Realize that the great financial thinkers are saying that the Dow is ready for a massive decline. They have been saying that for many months and the recent market peak came in August with nearly a 20 percent fall to the September bottom. The PSE did almost the same identical pattern.
But since the early October bottom, the Dow is up 20 percent, with the PSE gaining 15 percent. Superimpose both price charts back to April 2022, and the correlation is too close for comfort.
I am not comfortable because looking at global economic growth is like watching a Low-Pressure Area develop into a super typhoon. The latest IMF forecast is for 3.2 percent global growth—from 6 percent in 2021—and 2.7 growth in 2023. The US forecast has gone from 5.7 percent in 2021 to 1.6 percent this year.
The Asean 5—Indonesia, Malaysia, the Philippines, Singapore, and Thailand—is looking at increasing growth to 5.3 percent in 2022 from 3.4 percent in 2021. The Philippines is expected by the Japan Center for Economic Research/Nikkei Asia to be the second strongest behind a lower base 2021 Malaysia coming in year-end 2022 at 6.5 percent.

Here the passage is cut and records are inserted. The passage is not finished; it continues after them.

lemma orthogonal_diagonalization_extend:
  fixes A :: "real mat"
  assumes A: "A \<in> carrier_mat (Suc m) (Suc m)"
    and W: "W \<in> carrier_mat (Suc m) (Suc m)" "transpose_mat W * W = 1\<^sub>m (Suc m)"
    and block: "transpose_mat W * A * W = four_block_mat (mat 1 1 (\<lambda>_. e)) (0\<^sub>m 1 m) (0\<^sub>m m 1) A3"
    and A3: "A3 \<in> carrier_mat m m" and U3: "orthogonal_diagonalization m A3 U3 ds3"
  shows "orthogonal_diagonalization (Suc m) A
    (W * four_block_mat (mat 1 1 (\<lambda>_. 1)) (0\<^sub>m 1 m) (0\<^sub>m m 1) U3) (e # ds3)"
proof -
  let ?n = "Suc m"
  define Q where "Q = four_block_mat (mat 1 1 (\<lambda>_. 1)) (0\<^sub>m 1 m) (0\<^sub>m m 1) U3"
  have U3_carrier: "U3 \<in> carrier_mat m m" using U3 unfolding orthogonal_diagonalization_def by simp
  have Q: "Q \<in> carrier_mat ?n ?n" unfolding Q_def
    using four_block_carrier_mat[OF _ U3_carrier, of "mat 1 1 (\<lambda>_. 1)" 1 1] by simp
  have Q_transpose:
    "transpose_mat Q = four_block_mat (mat 1 1 (\<lambda>_. 1)) (0\<^sub>m 1 m) (0\<^sub>m m 1) (transpose_mat U3)"
    unfolding Q_def by (subst transpose_four_block_mat[of _ 1 1 _ m _ m]) (use U3_carrier in auto)
  have WQ_transpose: "transpose_mat (W * Q) = transpose_mat Q * transpose_mat W"
    using W Q by (simp add: transpose_mult[of _ ?n ?n])
  have "transpose_mat (W * Q) * (W * Q) = transpose_mat Q * (transpose_mat W * W) * Q"
    unfolding WQ_transpose using W(1) Q by (simp add: assoc_mult_mat[of _ ?n ?n _ ?n _ ?n])
  also have "\<dots> = transpose_mat Q * Q" using W(2) Q by simp
  also have "\<dots> = four_block_mat (mat 1 1 (\<lambda>_. 1)) (0\<^sub>m 1 m) (0\<^sub>m m 1) (transpose_mat U3 * U3)"
    unfolding Q_transpose using one_by_one_block_mult[of "transpose_mat U3" m U3 1 1] U3_carrier
    by (simp add: Q_def)
  also have "\<dots> = 1\<^sub>m ?n"
    using U3 by (auto simp: orthogonal_diagonalization_def intro!: eq_matI)
  finally have orth: "transpose_mat (W * Q) * (W * Q) = 1\<^sub>m ?n" .
  have "transpose_mat (W * Q) * A * (W * Q) = transpose_mat Q * (transpose_mat W * A * W) * Q"
    unfolding WQ_transpose using W(1) Q A by (simp add: assoc_mult_mat[of _ ?n ?n _ ?n _ ?n])
  also have "\<dots> = four_block_mat (mat 1 1 (\<lambda>_. e)) (0\<^sub>m 1 m) (0\<^sub>m m 1) (transpose_mat U3 * A3 * U3)"
    unfolding block Q_transpose
    using one_by_one_block_mult[of "transpose_mat U3" m A3 1 e]
      one_by_one_block_mult[of "transpose_mat U3 * A3" m U3 e 1] U3_carrier A3
    by (simp add: Q_def)
  also have "\<dots> = mat_diag ?n (\<lambda>i. (e # ds3) ! i)"
    using U3 by (auto simp: orthogonal_diagonalization_def mat_diag_def less_Suc_eq_0_disj
        split: if_splits intro!: eq_matI)
  finally show ?thesis
    using orth W(1) Q U3 unfolding orthogonal_diagonalization_def Q_def[symmetric] by auto
qed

Two things hammered global economies with inflation in 2022: supply chain problems and high oil prices, which drove shipping costs skyward with equally high food cost. US inflation in June was 9 percent and has come down to 7.7 percent.
Signs of lower consumer/industrial demand is seen in the price of the container freight rate, which peaked in September 2021 at $11,000 and is now at $2,800. The FAO Food Price Index has fallen 15 percent since then with the largest declines being in cereals—notwithstanding the Ukraine war—and vegetable oils.
The interest rate increases were supposed to lower inflation with a gentle effect on economies. It looks like the Fed and other central banks burned the house down to kill the inflation cockroach infestation.
Or, what if with lower oil prices ($115 to $83) and the supply chain smoothing out, the inflation cockroaches were already leaving “naturally”? What if the higher-interest rate “house fire” has only just begun? How bad will global economic growth be in 2023?
The Philippines: Sub-$100 oil prices are very good. Inadequate agricultural policies are very bad. If the US stock market goes down on the back of a bad US economy and if the local market follows that fall, do we blame the US Federal Reserve?